A strategy for evaluating the performance of Health Systems, the method developed and used by who, was published in the World Health Report 2000 (who 2001; Valentine et al. 2000). The World Health Report 2000 set out a set of performance indicators that serve to assess whether health system targets have been achieved. The report brings together important health issues and is methodologically innovative, with an impressive database, using advanced statistical techniques and providing interesting comments to researchers and health policy makers (Nord 2002). The aim is to provide information to governments for health policy development and to establish a solid structure in revealing the relationship between organization and outcomes of Health Systems (who 2001).

The WHO’s strategy for assessing health system performance begins with answering a simple question ‘ ‘ What are health systems for?’. A clear answer to this question is that health systems exist for the development and maintenance of Public Health. Thus Health will be a defined purpose of Health Systems. But another similar answer to this question is that health systems meet the needs of the people they serve. In meeting these needs, the concept of what the WHO calls competence has become important (Darby et al. 2000).

World Health Report 2000, as mentioned earlier, defines the health system as consisting of all organizations, institutions and resources that have the main goal of improving health (IHSD, 2000, Murray et al. 2001). The WHO’s new strategy for evaluating health system performance has three important goals: improving health, competence, and fairness in finance (Silva 2000; Murray et al. 2000; Gakidou et al. 2000; Murray, Frank 2001; Evans et al. 2001; WHO 2001). These basic objectives should be routinely monitored by all countries and should be the basis for assessing the performance of the health system in programmes supported by who. For this reason, in evaluating achieving goals, it is necessary to focus on measuring these three goals (Murray, Frank 2000; Murray, Frank 2000a). The strategy developed to measure achievement of goals is to make an assessment by weighing the main goals of the health system within itself. This means helping countries measure their own health system performance, understanding the factors that affect it, improving it, drawing attention to areas of needed reform, and better responding to the needs and expectations of the people served. The most important goal is to hold governments accountable for the performance of their own health systems. The report says that if the system wants to successfully achieve the three above objectives, there are four general functions that a health system must perform. These:

* Provision of services

* Creation of resources

• Financing

* Administration (stewardship) (IHSD 2000; Daniels et al. 2000; IHSD 2000a; WHO 2001).

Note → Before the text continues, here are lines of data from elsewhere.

lemma units_mult_Delta: "(u::'a::ring_1) \<in> units_of_ring \<Longrightarrow> d \<in> Delta \<Longrightarrow> u * d \<in> Delta"
  unfolding Delta_iff by (simp add: units_of_ring_mult flip: mult.assoc)

lemma Delta_mult_units:
  assumes "(u::'a::ring_1) \<in> units_of_ring" "d \<in> Delta" shows "d * u \<in> Delta"
  unfolding Delta_iff
proof
  fix v :: 'a assume "v \<in> units_of_ring"
  then have "1 + u * (v * d) \<in> units_of_ring"
    using assms Delta_iff by (metis mult.assoc units_of_ring_mult)
  then show "1 + v * (d * u) \<in> units_of_ring"
    by (metis mult.assoc one_plus_mult_swap_in_units)
qed

lemma Delta_mult:
  assumes a: "(a::'a::ring_1) \<in> Delta" and b: "b \<in> Delta" shows "a * b \<in> Delta"
  unfolding Delta_iff
proof
  fix u :: 'a assume "u \<in> units_of_ring"
  then have ua: "u * a \<in> Delta" using a by (rule units_mult_Delta)
  have "- (u * a + b) \<in> Delta" using ua b by (intro Delta_uminus Delta_add)
  moreover have "(1 + u * a) * (1 + b) \<in> units_of_ring"
    using ua b by (intro units_of_ring_mult Delta_one_plus_in_units)
  ultimately have "- (u * a + b) + (1 + u * a) * (1 + b) \<in> units_of_ring"
    by (simp add: Delta_def)
  then show "1 + u * (a * b) \<in> units_of_ring" by (simp add: algebra_simps)
qed

lemma Delta_mult_one_plus_units:
  assumes "1 + (y::'a::ring_1) \<in> units_of_ring" "d \<in> Delta" shows "d * y \<in> Delta"
proof -
  have "d * (1 + y) + - d \<in> Delta" using assms by (intro Delta_add Delta_mult_units Delta_uminus)
  then show ?thesis by (simp add: algebra_simps)
qed

lemma idempotent_Delta_corner_off_diagonal:
  assumes h: "(h::'a::ring_1) * h = h" and d: "d \<in> Delta"
  shows "h * d * (1 - h) \<in> Delta"
  unfolding Delta_iff
proof
  fix u :: 'a assume "u \<in> units_of_ring"
  define y where "y = (1 - h) * u * h"
  have "y * y = (1 - h) * u * (h * (1 - h)) * u * h" unfolding y_def by (simp add: mult.assoc)
  then have "y * y = 0" using h by (simp add: algebra_simps)
  then have "1 + d * y \<in> units_of_ring"
    using d by (intro Delta_one_plus_in_units Delta_mult_one_plus_units one_plus_square_zero_in_units)
  then have "1 + (d * (1 - h)) * (u * h) \<in> units_of_ring" unfolding y_def by (simp add: mult.assoc)
  then have "1 + (u * h) * (d * (1 - h)) \<in> units_of_ring" by (rule one_plus_mult_swap_in_units)
  then show "1 + u * (h * d * (1 - h)) \<in> units_of_ring" by (simp add: mult.assoc)
qed

lemma one_plus_idempotent_mult_Delta_in_units:
  assumes h: "(h::'a::ring_1) * h = h" and d: "d \<in> Delta"
  shows "1 + h * d \<in> units_of_ring"
proof -
  have hh: "h * (h * z) = h * z" for z using h by (metis mult.assoc)
  define x where "x = d - h * d * (1 - h) - (1 - h) * d * h"
  have "(1 - h) * (1 - h) = 1 - h" using h by (simp add: algebra_simps)
  then have "(1 - h) * d * (1 - (1 - h)) \<in> Delta" using d by (rule idempotent_Delta_corner_off_diagonal)
  moreover have "h * d * (1 - h) \<in> Delta" using h d by (rule idempotent_Delta_corner_off_diagonal)
  ultimately have "x \<in> Delta" unfolding x_def diff_conv_add_uminus
    using d by (intro Delta_add Delta_uminus) simp_all
  then have "1 + x \<in> units_of_ring" by (rule Delta_one_plus_in_units)
  moreover have hx: "h * x = h * d * h" "x * h = h * d * h"
    unfolding x_def using h by (simp_all add: algebra_simps hh mult.assoc)
  ultimately have "(1 - h) + h * (1 + x) \<in> units_of_ring"
    using h by (intro corner_unit_in_units) (simp_all add: algebra_simps)
  then have "1 + (h * d) * h \<in> units_of_ring" using hx by (simp add: algebra_simps)
  then show ?thesis using h by (metis one_plus_mult_swap_in_units mult.assoc)
qed

lemma idempotent_mult_Delta:
  assumes h: "(h::'a::ring_1) * h = h" and d: "d \<in> Delta"
  shows "h * d \<in> Delta"
  unfolding Delta_iff
proof
  fix u :: 'a assume u: "u \<in> units_of_ring"
  then obtain v where v: "u * v = 1" "v * u = 1" by (rule units_of_ringE)
  have "(u * h * v) * (u * h * v) = u * h * v"
    using h v by (simp add: mult.assoc flip: mult.assoc[of v u] mult.assoc[of h h])
  moreover have "u * d \<in> Delta" using u d by (rule units_mult_Delta)
  ultimately have "1 + (u * h * v) * (u * d) \<in> units_of_ring"
    by (rule one_plus_idempotent_mult_Delta_in_units)
  then show "1 + u * (h * d) \<in> units_of_ring"
    using v by (simp add: mult.assoc flip: mult.assoc[of v u])
qed

lemma tripotent_mult_Delta:
  assumes e: "(e::'a::ring_1) ^ 3 = e" and d: "d \<in> Delta"
  shows "e * d \<in> Delta"
proof -
  have e3: "e * (e * e) = e" using e by (simp add: power3_eq_cube mult.assoc)
  have e3x: "e * (e * (e * x)) = e * x" for x using e3 by (metis mult.assoc)
  define w where "w = 1 - e * e + e"
  have "w * w = 1" unfolding w_def by (simp add: algebra_simps e3 e3x)
  then have "w \<in> units_of_ring" by (intro units_of_ringI[of w w])
  moreover have "(e * e) * (e * e) = e * e" by (simp add: mult.assoc e3)
  ultimately have "w * ((e * e) * d) \<in> Delta" using d by (intro units_mult_Delta idempotent_mult_Delta)
  moreover have "w * ((e * e) * d) = e * d" unfolding w_def by (simp add: algebra_simps e3 e3x)
  ultimately show ?thesis by simp
qed

lemma DT_ring_mult_Delta:
  assumes "DT_ring TYPE('a::ring_1)" and d: "(d::'a) \<in> Delta"
  shows "r * d \<in> Delta"
proof -
  obtain e d' where "e \<in> Tr" "d' \<in> Delta" "r = e + d'"
    using assms(1) unfolding DT_ring_def by blast
  then show ?thesis using d
    by (auto simp: Tr_def distrib_right intro: Delta_add tripotent_mult_Delta Delta_mult)
qed

lemma tripotent_power_odd:
  assumes "(e::'a::ring_1) ^ 3 = e"
  shows "e ^ (2 * k + 1) = e"
proof (induction k)
  case (Suc k)
  have "e ^ (2 * Suc k + 1) = e ^ (2 + (2 * k + 1))" by simp
  also have "\<dots> = e ^ 2 * e ^ (2 * k + 1)" by (rule power_add)
  also have "\<dots> = e ^ 3" using Suc by (simp add: power2_eq_square power3_eq_cube)
  finally show ?case using assms by simp
qed simp

lemma mem_jacobson_iff: "x \<in> jacobson \<longleftrightarrow> (\<forall>M. maximal_left_ideal M \<longrightarrow> x \<in> M)"
  unfolding jacobson_def by auto

lemma left_ideal_zero: "left_ideal I \<Longrightarrow> 0 \<in> I"
  and left_ideal_diff: "left_ideal I \<Longrightarrow> x \<in> I \<Longrightarrow> y \<in> I \<Longrightarrow> x - y \<in> I"
  and left_ideal_mult: "left_ideal I \<Longrightarrow> x \<in> I \<Longrightarrow> r * x \<in> I"
  unfolding left_ideal_def by auto

lemma left_ideal_add: "left_ideal I \<Longrightarrow> x \<in> I \<Longrightarrow> y \<in> I \<Longrightarrow> x + y \<in> I"
  using left_ideal_diff[of I x "0 - y"] left_ideal_diff[of I 0 y] left_ideal_zero[of I] by simp

lemma left_ideal_one_imp_UNIV: "left_ideal I \<Longrightarrow> (1::'a::ring_1) \<in> I \<Longrightarrow> I = UNIV"
  using left_ideal_mult[of I 1] by auto

lemma maximal_left_ideal_imp_left_ideal: "maximal_left_ideal M \<Longrightarrow> left_ideal M"
  unfolding maximal_left_ideal_def by simp

lemma maximal_left_ideal_one_notin: "maximal_left_ideal M \<Longrightarrow> (1::'a::ring_1) \<notin> M"
  unfolding maximal_left_ideal_def using left_ideal_one_imp_UNIV by blast

lemma maximal_left_ideal_add_generated:
  assumes M: "maximal_left_ideal (M::'a::ring_1 set)" and a: "a \<notin> M"
  shows "\<exists>m\<in>M. \<exists>q. y = m + q * a"
proof -
  define L where "L = {m + q * a | m q. m \<in> M}"
  have HM: "left_ideal M" using M by (rule maximal_left_ideal_imp_left_ideal)
  have "left_ideal L" unfolding left_ideal_def
  proof (intro conjI ballI allI)
    have "(0::'a) = 0 + 0 * a" by simp
    then show "0 \<in> L" unfolding L_def using left_ideal_zero[OF HM] by blast
  next
    fix x z assume "x \<in> L" "z \<in> L"
    then obtain m1 q1 m2 q2 where "x = m1 + q1 * a" "z = m2 + q2 * a" "m1 \<in> M" "m2 \<in> M"
      unfolding L_def by auto
    then have "x - z = (m1 - m2) + (q1 - q2) * a" "m1 - m2 \<in> M"
      using left_ideal_diff[OF HM] by (auto simp: algebra_simps)
    then show "x - z \<in> L" unfolding L_def by blast
  next
    fix r x assume "x \<in> L"
    then obtain m q where "x = m + q * a" "m \<in> M" unfolding L_def by auto
    then have "r * x = r * m + (r * q) * a" "r * m \<in> M"
      using left_ideal_mult[OF HM] by (auto simp: algebra_simps mult.assoc)
    then show "r * x \<in> L" unfolding L_def by blast
  qed
  moreover have "M \<subseteq> L"
  proof
    fix m assume "m \<in> M"
    moreover have "m = m + 0 * a" by simp
    ultimately show "m \<in> L" unfolding L_def by blast
  qed
  moreover have "a = 0 + 1 * a" by simp
  then have "a \<in> L" unfolding L_def using left_ideal_zero[OF HM] by blast
  ultimately have "L = UNIV" using M a unfolding maximal_left_ideal_def by blast
  then show ?thesis unfolding L_def by blast
qed

lemma left_quasi_regular_imp_mem_jacobson:
  assumes "\<And>r. \<exists>c. c * (1 - r * (y::'a::ring_1)) = 1"
  shows "y \<in> jacobson"
  unfolding mem_jacobson_iff
proof (intro allI impI)
  fix M :: "'a set" assume M: "maximal_left_ideal M"
  show "y \<in> M"
  proof (rule ccontr)
    assume "y \<notin> M"
    then obtain m q where "m \<in> M" "1 - q * y = m"
      using maximal_left_ideal_add_generated[OF M, of y 1] by (force simp: algebra_simps)
    moreover obtain c where "c * (1 - q * y) = 1" using assms by blast
    ultimately have "1 \<in> M" by (metis M left_ideal_mult maximal_left_ideal_imp_left_ideal)
    then show False using M maximal_left_ideal_one_notin by blast
  qed
qed

lemma maximal_left_ideal_colon:
  assumes M: "maximal_left_ideal (M::'a::ring_1 set)" and r: "r \<notin> M"
  shows "maximal_left_ideal {s. s * r \<in> M}"
proof -
  define K where "K = {s. s * r \<in> M}"
  have HM: "left_ideal M" using M by (rule maximal_left_ideal_imp_left_ideal)
  have K: "left_ideal K" unfolding left_ideal_def K_def
    using left_ideal_zero[OF HM] left_ideal_diff[OF HM] left_ideal_mult[OF HM]
    by (simp add: left_diff_distrib mult.assoc)
  have "I = UNIV" if I: "left_ideal I" "K \<subseteq> I" "I \<noteq> K" for I
  proof -
    obtain s where s: "s \<in> I" "s * r \<notin> M" using I unfolding K_def by blast
    then obtain m q where m: "m \<in> M" "r = m + q * (s * r)"
      using maximal_left_ideal_add_generated[OF M] by blast
    have "(1 - q * s) * r = m" using m(2) by (simp add: algebra_simps mult.assoc)
    then have "1 - q * s \<in> I" using I(2) m(1) unfolding K_def by auto
    moreover have "q * s \<in> I" using I(1) s(1) by (rule left_ideal_mult)
    ultimately have "(1 - q * s) + q * s \<in> I" by (rule left_ideal_add[OF I(1)])
    then show "I = UNIV" using I(1) left_ideal_one_imp_UNIV by auto
  qed
  moreover have "1 \<notin> K" using r unfolding K_def by simp
  ultimately show ?thesis using K unfolding maximal_left_ideal_def K_def by blast
qed

lemma jacobson_mult_right:
  assumes j: "j \<in> jacobson" shows "j * (r::'a::ring_1) \<in> jacobson"
  unfolding mem_jacobson_iff
proof (intro allI impI)
  fix M :: "'a set" assume M: "maximal_left_ideal M"
  show "j * r \<in> M"
  proof (cases "r \<in> M")
    case True
    then show ?thesis using M left_ideal_mult maximal_left_ideal_imp_left_ideal by blast
  next
    case False
    then have "j \<in> {s. s * r \<in> M}"
      using j M maximal_left_ideal_colon unfolding mem_jacobson_iff by blast
    then show ?thesis by simp
  qed
qed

For a country, not only is the level of these goals important, but also their distribution (Silva 2000). When it is necessary to measure health promotion and competence, it is important to measure the level of success (the average over the entire society) as well as the distribution (the equal distribution of this success to all segments of the public) (Darby et al. 2000). Disparities in distribution may be due to social, economic, demographic, and other forms of inequality (Silva 2000).

The three main objectives of the health system laid out by the WHO in the World Health Report 2000 can be explained briefly as follows:

1. Raising Health

The first goal defined for the health system is to improve the health of the community. Better health is the raison d’être of a health system, and undoubtedly its fundamental and defining purpose. If health systems had done nothing to protect or improve health, there would have been no reason for them to exist. (Murray, Frank 2000; who 2000; Murray, Frank 2000a; Gakidou et al. 2000).

It is difficult to assess the contribution that health systems make to improve health. Even without progress in the basic sciences, changes in existing medical interventions organized and presented can reverse the spread of epidemics, as well as significantly reduce the cost of saving a life. Looking at diseases with effective treatment from a narrower perspective, many studies show that preventable deaths thought to be responsible for medical treatment in the early 1970s fell rapidly compared to other deaths. At the same time, some other indicators show that health systems have created little or no changes in health. Furthermore, there is significant evidence that health systems are expensive and that fatal errors are often made in the health system (WHO 2000).

2. Financial Contributor Fairness

Another main purpose of the health care system is fairness in finance and financial risk protection for households (Gakidou et al. 2000; WHO 2001). Justice is a broader and more versatile concept than equality. Justice covers equality in finance, access to care, and health outcomes, as well as effectiveness and responsibility in management and distribution (Daniels et al. 2000). The World Health Report 2000 defines fair funding as the ratio of the total health contribution to total non-food expenditures being similar in all households regardless of income, health status or use of health care (IHSD 2000; who 2000a). To be fair, the funding of the health care system must pay attention to two important points. First, households should not be impoverished or spend a large portion of their income on getting the health care they need. Second, poor households should pay less to the health care system than wealthy households. This is not only because poor households have low incomes, but also because they have a wide range of these incomes.

Better health is, of course, the raison d’être of a health system, and undoubtedly its fundamental and defining purpose. Other systems in society can also contribute broadly to the health of the public. But that is not their main goal. For example, the education system creates big changes in health, but its defined purpose is education. The effect occurs in another way: better health can make children learn better, but this is not a fundamental goal of the health system. Conversely, the purpose of fair funding is general for all social systems. Only the notion of justice can change. ’ Take what you pay ‘ is generally considered fair in market transactions, but when health care is the issue, it seems less fair. Similarly, in each system, people have legally accepted expectations about how they should be treated, both physically and psychologically. Competence is always a social goal for this reason. Take the education system as an example; fair funding includes subsidizing poor children who cannot attend school for financial reasons, ensuring the right balance of participation of households with and without children in school. Qualification includes respect for parents ‘ preferences regarding their children and avoiding abuse and embarrassment of students (WHO 2000).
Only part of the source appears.